Customer Service Call Centers Improved with Big Data

The customer service call is often a less than satisfying experience. First there’s navigating through the inflexible voice mail tree. This is followed by impatient waiting on hold until a call service representative answers. The customer, who is stressed by the problem that has prompted his call as well as the voice mail routing and waiting, finds that the service rep doesn’t fully understand either his problem or his reason for calling. As a result, the frustrated customer avoids future use of the company’s services and products. After several months, the customer service representative finds the job too exhausting and leaves, which contributes to the call center’s high turnover problem.

For some companies, this all too common scenario plays out better for both the customer and the service representative. Thanks to the marriage of psychology, behavioral science, and big data, customers are being matched with service representatives on the basis of their personality types and communication styles.

This streamlines the amount of back and forth interaction needed to resolve customer issues because the representative understands both the customer’s words as well as “where he is coming from” at an intuitive level. Likewise, the customer finds that the service rep quickly understands and responds in a way that’s both useful and easy to understand. After hanging up, the customer feels better off because of the experience.

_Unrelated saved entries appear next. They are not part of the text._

(* Suppose the standing assumption and Assumption (B) hold. For $c=(c_1,\dots,c_I)$ near $0$ let $f_0(x) = A\exp(\kappa x + \zeta x^2 + \sum_{i=1}^I a_i K_i(x))$, where $(A,\kappa,\zeta,a_1,\dots,a_I)$ are the parameters (depending on $c$) such that $f_0$ is a probability density with mean $0$, variance $1$ and $\int f_0 K_i = c_i$ for all $i$, namely the continuously differentiable solution branch with $(A,\kappa,\zeta,a)\to(1/\sqrt{2\pi},0,-1/2,0)$ as $c\to 0$. Let $\hat f_0(x) := \varphi(x)\bigl(1+\sum_{i=1}^I c_iK_i(x)\bigr)$. Then for every $\delta<1/2$, $$\sup_{x\in\mathbb{R}}\bigl|e^{\delta x^2}\bigl(f_0(x) - \hat f_0(x)\bigr)\bigr| = \mathcal{O}(\|c\|^2)\quad\text{as } c\to 0.$$
   Context: $\varphi$ denotes the standard normal density. Standing assumption: $G_1,\dots,G_I:\mathbb{R}\to\mathbb{R}$ grow no faster than quadratically (so there are constants $B_i>0$ with $|K_i(x)|\le B_i(1+x^2)$), and $K_i(x) := (G_i(x) + \alpha_i x^2 + \beta_i x + \gamma_i)/\delta_i$ with real constants chosen such that $\int K_i K_j \varphi\,dx = \mathbb{1}_{\{i=j\}}$ and $\int K_i(x) x^k\varphi(x)\,dx = 0$ for $k=0,1,2$ and all $i,j$. Assumption (B): writing $K(x) = (K_1(x),\dots,K_I(x))$, there is $\varepsilon>0$ such that $h^\top K(x)\ge -1/2$ for all $x\in\mathbb{R}$ and all $h\in\mathbb{R}^I$ with $h^\top h<\varepsilon$; and there is $M:\mathbb{R}\to\mathbb{R}$ with $\sum_{i,j,k=1}^I|K_i(x)K_j(x)K_k(x)|\le M(x)$ for all $x$ and $\tilde M := \int\varphi(x) M(x)\,dx<\infty$. $\|\cdot\|$ is the Euclidean norm. *)

theory Defs
  imports "HOL-Probability.Probability"
begin

definition expfam ::
  "real \<Rightarrow> real \<Rightarrow> real \<Rightarrow> real^'i::finite \<Rightarrow> ('i \<Rightarrow> real \<Rightarrow> real) \<Rightarrow> real \<Rightarrow> real" where
  "expfam A \<kappa> \<zeta> a K x = A * exp (\<kappa> * x + \<zeta> * x\<^sup>2 + (\<Sum>i\<in>UNIV. a $ i * K i x))"

definition expfam_lin :: "real^'i::finite \<Rightarrow> ('i \<Rightarrow> real \<Rightarrow> real) \<Rightarrow> real \<Rightarrow> real" where
  "expfam_lin c K x = std_normal_density x * (1 + (\<Sum>i\<in>UNIV. c $ i * K i x))"

end

theory Submission
  imports Defs
begin

text \<open>
  Write the density as \<open>f\<^sub>0 = \<phi> (1 + s) exp v\<close> with \<open>s = A sqrt(2 pi) - 1\<close> and
  \<open>v x = \<kappa> x + (\<zeta> + 1/2) x\<^sup>2 + \<Sum>\<^sub>i a\<^sub>i K\<^sub>i x\<close>, and let \<open>\<rho>\<close> be the distance of the parameters from
  those of \<open>\<phi>\<close>. The first half of Assumption (B) forces every \<open>K\<^sub>i\<close> to be bounded by some \<open>L\<close>, so
  \<open>v = O(\<rho> (1 + x\<^sup>2))\<close> and the remainder \<open>(1 + s) exp v - 1 - s - v\<close> is
  \<open>O(\<rho>\<^sup>2 (1 + x\<^sup>2)\<^sup>2 exp (\<eta> (1 + x\<^sup>2)))\<close> for any \<open>\<eta> \<ge> \<rho> L\<close>. Testing the moment conditions
  against \<open>1, x, x\<^sup>2, K\<^sub>j\<close> and using the Gaussian moments and the orthogonality relations,
  the linear parts give \<open>s, \<kappa>, \<zeta> + 1/2, a - c = O(\<rho>\<^sup>2)\<close>. Hence
  \<open>f\<^sub>0 - \<phi> (1 + \<Sum>\<^sub>i c\<^sub>i K\<^sub>i) = \<phi> O(\<rho>\<^sup>2) (1 + x\<^sup>2)\<^sup>2 exp (\<eta> x\<^sup>2)\<close>, and \<open>exp (\<delta> x\<^sup>2)\<close> times this
  is bounded as soon as \<open>\<delta> + 2 \<eta> \<le> 1/2\<close>. Finally \<open>\<rho> = O(\<parallel>c\<parallel>)\<close> because the parameter map is
  differentiable at \<open>0\<close>.
\<close>

lemma abs_exp_minus_one_minus_le:
  fixes v :: real
  shows "\<bar>exp v - 1 - v\<bar> \<le> v\<^sup>2 * exp \<bar>v\<bar> / 2"
proof -
  obtain t where t: "\<bar>t\<bar> \<le> \<bar>v\<bar>" "exp v = (\<Sum>m<2. v ^ m / fact m) + exp t / fact 2 * v ^ 2"
    using Maclaurin_exp_le[of v 2] by blast
  then have "\<bar>exp v - 1 - v\<bar> = exp t * v\<^sup>2 / 2"
    by (simp add: numeral_2_eq_2)
  also have "\<dots> \<le> exp \<bar>v\<bar> * v\<^sup>2 / 2"
    using t(1) by (intro divide_right_mono mult_right_mono) auto
  finally show ?thesis
    by (simp add: mult.commute)
qed

lemma abs_le_one_plus_square: "\<bar>x\<bar> \<le> 1 + x\<^sup>2" for x :: real
proof (cases "\<bar>x\<bar> \<le> 1")
  case False
  then have "\<bar>x\<bar> * 1 \<le> \<bar>x\<bar> * \<bar>x\<bar>"
    by (intro mult_left_mono) auto
  then show ?thesis
    using abs_mult_self_eq[of x] by (simp add: power2_eq_square)
qed (simp add: add_increasing2)

lemma one_plus_square_power_le_exp:
  fixes x b :: real
  assumes "b > 0"
  shows "(1 + x\<^sup>2) ^ n \<le> max 1 (n / b) ^ n * exp (b * x\<^sup>2)"
proof (cases "n = 0")
  case False
  let ?m = "max 1 (n / b)"
  have "?m * (b / n) \<ge> 1"
    using assms False by (auto simp: field_simps max_def)
  then have "1 * x\<^sup>2 \<le> (?m * (b / n)) * x\<^sup>2"
    by (intro mult_right_mono) auto
  then have "1 + x\<^sup>2 \<le> ?m * (1 + b * x\<^sup>2 / n)"
    by (simp add: algebra_simps)
  then have "(1 + x\<^sup>2) ^ n \<le> (?m * (1 + b * x\<^sup>2 / n)) ^ n"
    by (intro power_mono) auto
  also have "\<dots> = ?m ^ n * (1 + b * x\<^sup>2 / n) ^ n"
    by (simp add: power_mult_distrib)
  also have "(1 + b * x\<^sup>2 / n) ^ n \<le> exp (b * x\<^sup>2 / n) ^ n"
    using assms by (intro power_mono) auto
  also have "exp (b * x\<^sup>2 / n) ^ n = exp (b * x\<^sup>2)"
    using False by (simp add: exp_of_nat_mult[symmetric])
  finally show ?thesis
    by (simp add: mult_left_mono)
qed (use assms in simp)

Companies such as CVS Health, Progressive, Esurance, Hilton Hotels, and Wells Fargo perform this technological wizardry by using the SaaS-based behavioral analytics software of Mattersight. The software analyzes the tone, tempo, and word usage of customers’ speech patterns and then assesses their communication style. This style is a kind of personality fingerprint that allows the matching of compatible customer and service rep personalities within seconds.

The software also notes which personality types each rep has had the best success with and makes adjustments. The software also fine tunes its assessments of customers over time and across the different companies the customers patronize.

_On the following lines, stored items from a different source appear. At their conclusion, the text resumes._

theorem theorem4p2:
  fixes E :: "('v::finite \<times> 'v) set" and c :: "'v \<Rightarrow> 'v \<Rightarrow> real"
    and a :: real and j :: 'v
  assumes dag: "acyclic E"
    and edge_pos: "\<And>i k. k \<in> pa E i \<Longrightarrow> c i k > 0"
    and diag_pos: "\<And>i. c i i > 0"
    and a_gt: "a > 1"
  defines "A \<equiv> std_coeff E c"
  shows "(pa E j = {} \<longleftrightarrow>
            (\<forall>i. i \<noteq> j \<longrightarrow>
               sigma2 A (wM i a j) - sigma2 A (wM i 1 j) = (a\<^sup>2 - 1) * sigma2 A (wX i) \<and>
               (a\<^sup>2 - 1) * sigma2 A (wX i) = a\<^sup>2 - 1))
       \<and> (pa E j \<noteq> {} \<longrightarrow>
            (\<forall>i. i \<noteq> j \<longrightarrow> sigma2 A (wM i a j) - sigma2 A (wM i 1 j) \<le> a\<^sup>2 - 1) \<and>
            (\<forall>i \<in> an E j. i \<noteq> j \<longrightarrow> sigma2 A (wM i a j) - sigma2 A (wM i 1 j) < a\<^sup>2 - 1))"
proof -
  interpret max_linear_dag E c
    using dag edge_pos diag_pos by unfold_locales
  have a2: "1 < a\<^sup>2" using a_gt by simp
  note le = sigma2_std_wM_diff_le[of _ j a] and less = sigma2_std_wM_diff_less_an[OF _ a2, of _ j]
  have "\<exists>i \<in> an E j. i \<noteq> j" if "pa E j \<noteq> {}"
    using that not_an_self by (auto simp: pa_def an_def)
  with less have "pa E j = {}"
    if "\<forall>i. i \<noteq> j \<longrightarrow> sigma2 A (wM i a j) - sigma2 A (wM i 1 j) = a\<^sup>2 - 1"
    using that unfolding A_def by fastforce
  then show ?thesis
    using le less sigma2_std_wM_diff_source[of j _ a] a2 unfolding A_def
    by (auto simp: sigma2_std_wX)
qed

end
lemma sum_rayleigh_colour_class_differences:
  assumes col: "proper_strong_coloring E k c" and f: "L f = l *\<^sub>R f"
  shows "(\<Sum>i\<in>{1..k}. \<Sum>j\<in>{1..k}. hinner E (L (colour_class_part c f i - colour_class_part c f j))
      (colour_class_part c f i - colour_class_part c f j)) = 2 * (real k - l) * hinner E f f"
proof -
  let ?d = "\<lambda>i j. colour_class_part c f i - colour_class_part c f j"
  have C: "finite {1..k}" "\<And>v. c v \<in> {1..k}"
    using col proper_strong_coloring_in_range by simp_all
  have adj: "(\<Sum>i\<in>{1..k}. \<Sum>j\<in>{1..k}. adj_form E \<phi> (?d i j) (?d i j))
      = - 2 * ((1 - l) * hinner E f f)"
    unfolding sum_bilinear_self_differences[OF bilinear_adj_form adj_form_commute]
      adj_form_colour_class_part_self[OF col] sum_colour_class_part[OF C]
    using f hinner_hlap[of f f] by (simp add: bilinear_lmul[OF bilinear_hinner] algebra_simps)
  have "(\<Sum>i\<in>{1..k}. \<Sum>j\<in>{1..k}. hinner E (L (?d i j)) (?d i j))
      = (\<Sum>i\<in>{1..k}. \<Sum>j\<in>{1..k}. hinner E (?d i j) (?d i j))
        - (\<Sum>i\<in>{1..k}. \<Sum>j\<in>{1..k}. adj_form E \<phi> (?d i j) (?d i j))"
    unfolding hinner_hlap by (simp only: sum_subtractf)
  then show ?thesis
    unfolding sum_hinner_colour_class_differences[OF col] adj by (simp add: algebra_simps)
qed
end

section \<open>Colourings attaining the spectral bound\<close>

lemma ex_eigenfunction_vanishing_at:
  assumes f: "is_eigenfunction E \<phi> l f" and mult: "1 < eig_mult E \<phi> l"
  shows "\<exists>g. is_eigenfunction E \<phi> l g \<and> g $ v = 0"
proof (cases "f $ v = 0")
  case False
  obtain g where g: "hlap E \<phi> g = l *\<^sub>R g" "g \<notin> span {f}"
  proof -
    have "\<not> {h. hlap E \<phi> h = l *\<^sub>R h} \<subseteq> span {f}"
    proof
      assume "{h. hlap E \<phi> h = l *\<^sub>R h} \<subseteq> span {f}"
      then have "eig_mult E \<phi> l \<le> card {f}"
        unfolding eig_mult_def by (rule dim_le_card) simp
      with mult show False
        by simp
    qed
    then show ?thesis
      using that by blast
  qed
  define g' where "g' = g - (g $ v / f $ v) *\<^sub>R f"
  have "hlap E \<phi> g' = l *\<^sub>R g'"
    using f g(1) unfolding g'_def is_eigenfunction_def
    by (simp add: linear_diff[OF linear_hlap] linear_scale[OF linear_hlap] algebra_simps)
  moreover have "g' \<noteq> 0"
  proof
    assume "g' = 0"
    then have "g = (g $ v / f $ v) *\<^sub>R f"
      unfolding g'_def by simp
    then have "g \<in> span {f}"
      by (metis span_base span_scale singletonI)
    with g(2) show False ..
  qed
  moreover have "g' $ v = 0"
    using False unfolding g'_def by simp
  ultimately show ?thesis
    unfolding is_eigenfunction_def by blast
qed (use f in blast)

(* colouring_bound_eq is chi = (lambda_N - lambda_1) / (lambda_N - 1) with the denominator cleared;
   l1 need not be the least eigenvalue, only an eigenvalue satisfying this equation. *)
locale extremal_colouring = positive_degree_hypergraph E \<phi>
    for E :: "'v::finite set set" and \<phi> :: "'v \<Rightarrow> 'v set \<Rightarrow> int" +
  fixes k :: nat and c :: "'v \<Rightarrow> nat" and l1 :: real
  assumes adj_nonzero: "\<exists>v w. hadj E \<phi> v w \<noteq> 0"
    and colouring: "proper_strong_coloring E k c"
    and colouring_bound_eq: "real k * (lambda_max E \<phi> - 1) = lambda_max E \<phi> - l1"
begin

lemma one_less_lambda_max: "1 < lambda_max E \<phi>"
  using adj_nonzero lambda_max_gt_1 by blast

lemma two_le_k: "2 \<le> k"
  using adj_nonzero colouring two_le_colours_if_hadj_nonzero by metis

lemma lambda_max_eq: "lambda_max E \<phi> = (real k - l1) / (real k - 1)"
  using colouring_bound_eq two_le_k by (simp add: field_simps)

lemma colours_in_range: "c v \<in> {1..k}"
  using colouring by (rule proper_strong_coloring_in_range)

lemma rayleigh_colour_class_difference:
  assumes f: "is_eigenfunction E \<phi> l1 f" and "i \<in> {1..k}" "j \<in> {1..k}"
  defines "g \<equiv> colour_class_part c f i - colour_class_part c f j"
  shows "hinner E (L g) g = lambda_max E \<phi> * hinner E g g"
proof -
  let ?C = "{1..k}" and ?lmax = "lambda_max E \<phi>"
  have f_eig: "L f = l1 *\<^sub>R f"
    using f unfolding is_eigenfunction_def by simp
  \<comment> \<open>the slacks are nonnegative and, by \<open>colouring_bound_eq\<close>, sum to zero over all pairs\<close>
  define d where "d i j = colour_class_part c f i - colour_class_part c f j" for i j
  define slack where "slack i j = ?lmax * hinner E (d i j) (d i j) - hinner E (L (d i j)) (d i j)"
    for i j
  have slack_nonneg: "0 \<le> slack i j" for i j
    using rayleigh_le_lambda_max unfolding slack_def by simp
  have "(\<Sum>i\<in>?C. \<Sum>j\<in>?C. slack i j)
      = ?lmax * (\<Sum>i\<in>?C. \<Sum>j\<in>?C. hinner E (d i j) (d i j))
        - (\<Sum>i\<in>?C. \<Sum>j\<in>?C. hinner E (L (d i j)) (d i j))"
    unfolding slack_def by (simp only: sum_subtractf sum_distrib_left)
  also have "\<dots> = 2 * hinner E f f * ((real k - 1) * ?lmax - (real k - l1))"
    unfolding d_def sum_hinner_colour_class_differences[OF colouring]
      sum_rayleigh_colour_class_differences[OF colouring f_eig]
    by (simp add: algebra_simps)
  also have "(real k - 1) * ?lmax - (real k - l1) = 0"
    using colouring_bound_eq by (simp add: algebra_simps)
  finally have "(\<Sum>(i, j)\<in>?C \<times> ?C. slack i j) = 0"
    by (simp add: sum.cartesian_product)
  then have "slack i j = 0"
    using assms(2,3) slack_nonneg by (subst (asm) sum_nonneg_eq_0_iff) auto
  then show ?thesis
    unfolding slack_def g_def d_def by simp
qed

lemma colour_classes_meet_support:
  assumes f: "is_eigenfunction E \<phi> l1 f" and i: "i \<in> {1..k}"
  shows "\<exists>v. c v = i \<and> f $ v \<noteq> 0"
proof (rule ccontr)
  assume "\<not> ?thesis"
  then have part_i: "colour_class_part c f i = 0"
    by (auto simp: colour_class_part_def vec_eq_iff)
  have "colour_class_part c f j = 0" if j: "j \<in> {1..k}" for j
  proof -
    let ?g = "colour_class_part c f j"
    have "hinner E (L ?g) ?g = lambda_max E \<phi> * hinner E ?g ?g"
      using rayleigh_colour_class_difference[OF f j i] part_i by simp
    moreover have "hinner E (L ?g) ?g = hinner E ?g ?g"
      by (simp add: hinner_hlap adj_form_colour_class_part_self[OF colouring])
    ultimately have "(lambda_max E \<phi> - 1) * hinner E ?g ?g = 0"
      by (simp add: algebra_simps)
    then show ?thesis
      using one_less_lambda_max hinner_self_eq_0_iff by simp
  qed
  then have "f = 0"
    using sum_colour_class_part[of "{1..k}" c f] colours_in_range by simp
  with f show False
    unfolding is_eigenfunction_def by simp
qed

lemma rayleigh_h_ij:
  assumes f: "is_eigenfunction E \<phi> l1 f" and "i \<in> {1..k}" "j \<in> {1..k}" "i \<noteq> j"
  shows "hinner E (L (h_ij c f i j)) (h_ij c f i j)
    = lambda_max E \<phi> * hinner E (h_ij c f i j) (h_ij c f i j)"
  unfolding h_ij_eq_diff[OF assms(4)] by (rule rayleigh_colour_class_difference[OF f assms(2,3)])

lemma S_h_nonneg:
  assumes "is_eigenfunction E \<phi> l1 f" and "i \<in> {1..k}" "j \<in> {1..k}" "i \<noteq> j"
  shows "0 \<le> S_h E \<phi> c f i j"
proof -
  let ?N = "\<lambda>i. hinner E (colour_class_part c f i) (colour_class_part c f i)"
  have "2 * S_h E \<phi> c f i j = (lambda_max E \<phi> - 1) * (?N i + ?N j)"
    using rayleigh_h_ij[OF assms]
    unfolding hinner_hlap adj_form_h_ij[OF colouring assms(4)] hinner_h_ij[OF assms(4)]
    by (simp add: algebra_simps)
  moreover have "0 \<le> (lambda_max E \<phi> - 1) * (?N i + ?N j)"
    using one_less_lambda_max by (simp add: hinner_self_nonneg)
  ultimately show ?thesis
    by simp
qed

lemma h_ij_nonzero:
  assumes "is_eigenfunction E \<phi> l1 f" and "i \<in> {1..k}"
  shows "h_ij c f i j \<noteq> 0"
proof -
  obtain v where "c v = i" "f $ v \<noteq> 0"
    using colour_classes_meet_support[OF assms] by blast
  then have "h_ij c f i j $ v \<noteq> 0"
    unfolding h_ij_def by simp
  then show ?thesis
    by auto
qed

lemma is_eigenfunction_h_ij:
  assumes f: "is_eigenfunction E \<phi> l1 f" and "i \<in> {1..k}" "j \<in> {1..k}" "i \<noteq> j"
  shows "is_eigenfunction E \<phi> (lambda_max E \<phi>) (h_ij c f i j)"
  unfolding is_eigenfunction_def
  using eigenfunction_if_rayleigh_maximal[OF rayleigh_le_lambda_max rayleigh_h_ij[OF assms]]
    h_ij_nonzero[OF f assms(2), where j = j]
  by simp

lemma RQ_h_ij:
  assumes f: "is_eigenfunction E \<phi> l1 f" and "i \<in> {1..k}" "j \<in> {1..k}" "i \<noteq> j"
  shows "RQ E \<phi> (h_ij c f i j) = lambda_max E \<phi>"
  using rayleigh_h_ij[OF assms] hinner_self_pos[OF h_ij_nonzero[OF f assms(2), where j = j]]
  unfolding RQ_def by simp

lemma eig_mult_lambda_max_ge:
  assumes f: "is_eigenfunction E \<phi> l1 f"
  shows "k - 1 \<le> eig_mult E \<phi> (lambda_max E \<phi>)"
proof -
  obtain p where p: "\<And>i. i \<in> {1..k} \<Longrightarrow> c (p i) = i \<and> f $ p i \<noteq> 0"
    using colour_classes_meet_support[OF f] by metis
  have "card {2..k} \<le> eig_mult E \<phi> (lambda_max E \<phi>)"
    unfolding eig_mult_def
  proof (rule card_le_dim_if_triangular[where F = "\<lambda>j. h_ij c f 1 j" and p = p and r = "\<lambda>_. 0"])
    show "(\<lambda>j. h_ij c f 1 j) ` {2..k} \<subseteq> {g. L g = lambda_max E \<phi> *\<^sub>R g}"
      using is_eigenfunction_h_ij[OF f] two_le_k unfolding is_eigenfunction_def by auto
  qed (use p in \<open>auto simp: h_ij_def\<close>)
  then show ?thesis
    by simp
qed

lemma eig_mult_lambda_max_gt:
  assumes f: "is_eigenfunction E \<phi> l1 f" and mult: "1 < eig_mult E \<phi> l1"
  shows "k - 1 < eig_mult E \<phi> (lambda_max E \<phi>)"
proof -
  have classes: "1 \<in> {1..k}" "2 \<in> {1..k}"
    using two_le_k by auto
  obtain p where p: "\<And>i. i \<in> {1..k} \<Longrightarrow> c (p i) = i \<and> f $ p i \<noteq> 0"
    using colour_classes_meet_support[OF f] by metis
  obtain g where g: "is_eigenfunction E \<phi> l1 g" "g $ p 1 = 0"
    using ex_eigenfunction_vanishing_at[OF f mult] by blast
  obtain q where q: "c q = 2" "g $ q \<noteq> 0"
    using colour_classes_meet_support[OF g(1) classes(2)] by blast
  \<comment> \<open>\<open>F 1, F 2, ..., F k\<close> is triangular for the pivots \<open>q, p 1, p 3, ..., p k\<close>
    because \<open>g\<close> vanishes at \<open>p 1\<close>\<close>
  define F where "F j = (if j = 1 then h_ij c g 1 2 else h_ij c f 1 j)" for j
  define pivot where "pivot j = (if j = 1 then q else if j = 2 then p 1 else p j)" for j
  define rank :: "nat \<Rightarrow> nat"
    where "rank j = (if j = 1 then 2 else if j = 2 then 1 else 0)" for j
  have "card {1..k} \<le> eig_mult E \<phi> (lambda_max E \<phi>)"
    unfolding eig_mult_def
  proof (rule card_le_dim_if_triangular[where F = F and p = pivot and r = rank])
    show "F ` {1..k} \<subseteq> {g. L g = lambda_max E \<phi> *\<^sub>R g}"
      using is_eigenfunction_h_ij[OF g(1) classes] is_eigenfunction_h_ij[OF f classes(1)]
      unfolding F_def is_eigenfunction_def by auto
    show "F i $ pivot i \<noteq> 0" if "i \<in> {1..k}" for i
      using that p q by (auto simp: F_def pivot_def h_ij_def)
    show "F j $ pivot i = 0"
      if "i \<in> {1..k}" "j \<in> {1..k}" "j \<noteq> i" "rank i \<le> rank j" for i j
      using that p q g(2)
      by (auto simp: F_def pivot_def rank_def h_ij_def split: if_splits)
  qed simp
  then show ?thesis
    using two_le_k by simp
qed

end

theorem mainTheorem3:
  fixes E :: "'v::finite set set" and \<phi> :: "'v \<Rightarrow> 'v set \<Rightarrow> int"
    and h :: "real ^ 'v" and c :: "'v \<Rightarrow> nat"
  assumes hyp: "oriented_hypergraph E \<phi>"
    and deg: "\<forall>v. hdeg E v \<ge> 1"
    and Anz: "\<exists>v w. hadj E \<phi> v w \<noteq> 0"
    and chi: "real (chrom E) = (lambda_max E \<phi> - lambda_min E \<phi>) / (lambda_max E \<phi> - 1)"
    and h: "is_eigenfunction E \<phi> (lambda_min E \<phi>) h"
    and col: "proper_strong_coloring E (chrom E) c"
  shows "(\<forall>i\<in>{1..chrom E}. \<exists>v. c v = i \<and> h $ v \<noteq> 0)
    \<and> (\<forall>i j. 1 \<le> i \<and> i < j \<and> j \<le> chrom E \<longrightarrow> S_h E \<phi> c h i j \<ge> 0)
    \<and> (\<forall>i j. 1 \<le> i \<and> i < j \<and> j \<le> chrom E \<longrightarrow>
          RQ E \<phi> (h_ij c h i j) = lambda_max E \<phi>
        \<and> lambda_max E \<phi> = (real (chrom E) - lambda_min E \<phi>) / (real (chrom E) - 1)
        \<and> is_eigenfunction E \<phi> (lambda_max E \<phi>) (h_ij c h i j))
    \<and> eig_mult E \<phi> (lambda_max E \<phi>) \<ge> chrom E - 1
    \<and> (eig_mult E \<phi> (lambda_min E \<phi>) > 1 \<longrightarrow> eig_mult E \<phi> (lambda_max E \<phi>) > chrom E - 1)"
proof -
  interpret positive_degree_hypergraph E \<phi>
    using deg by unfold_locales
  obtain v w where "hadj E \<phi> v w \<noteq> 0"
    using Anz by blast
  then have "1 < lambda_max E \<phi>"
    by (rule lambda_max_gt_1)
  then have "real (chrom E) * (lambda_max E \<phi> - 1) = lambda_max E \<phi> - lambda_min E \<phi>"
    using chi by (simp add: field_simps)
  then interpret extremal_colouring E \<phi> "chrom E" c "lambda_min E \<phi>"
    using Anz col by unfold_locales
  show ?thesis
    using colour_classes_meet_support[OF h] S_h_nonneg[OF h] RQ_h_ij[OF h] lambda_max_eq
      is_eigenfunction_h_ij[OF h] eig_mult_lambda_max_ge[OF h] eig_mult_lambda_max_gt[OF h]
    by auto
qed

end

Mattersight’s software has analyzed one billion phone calls and uses 10 million behavioral algorithms and language libraries to make its assessments. It not only assesses personality type but can assess the emotions displayed by both the customer and the service rep on all the calls that it monitors. It identifies emotions in all of its various shades such as anger, sarcasm, anxiety, impatience, and the empathy level of the service rep. It can also determine whether the exchange was strained or went smoothly.

Big data it seems, has mastered a key component of empathy, which is the recognition of emotions of human beings.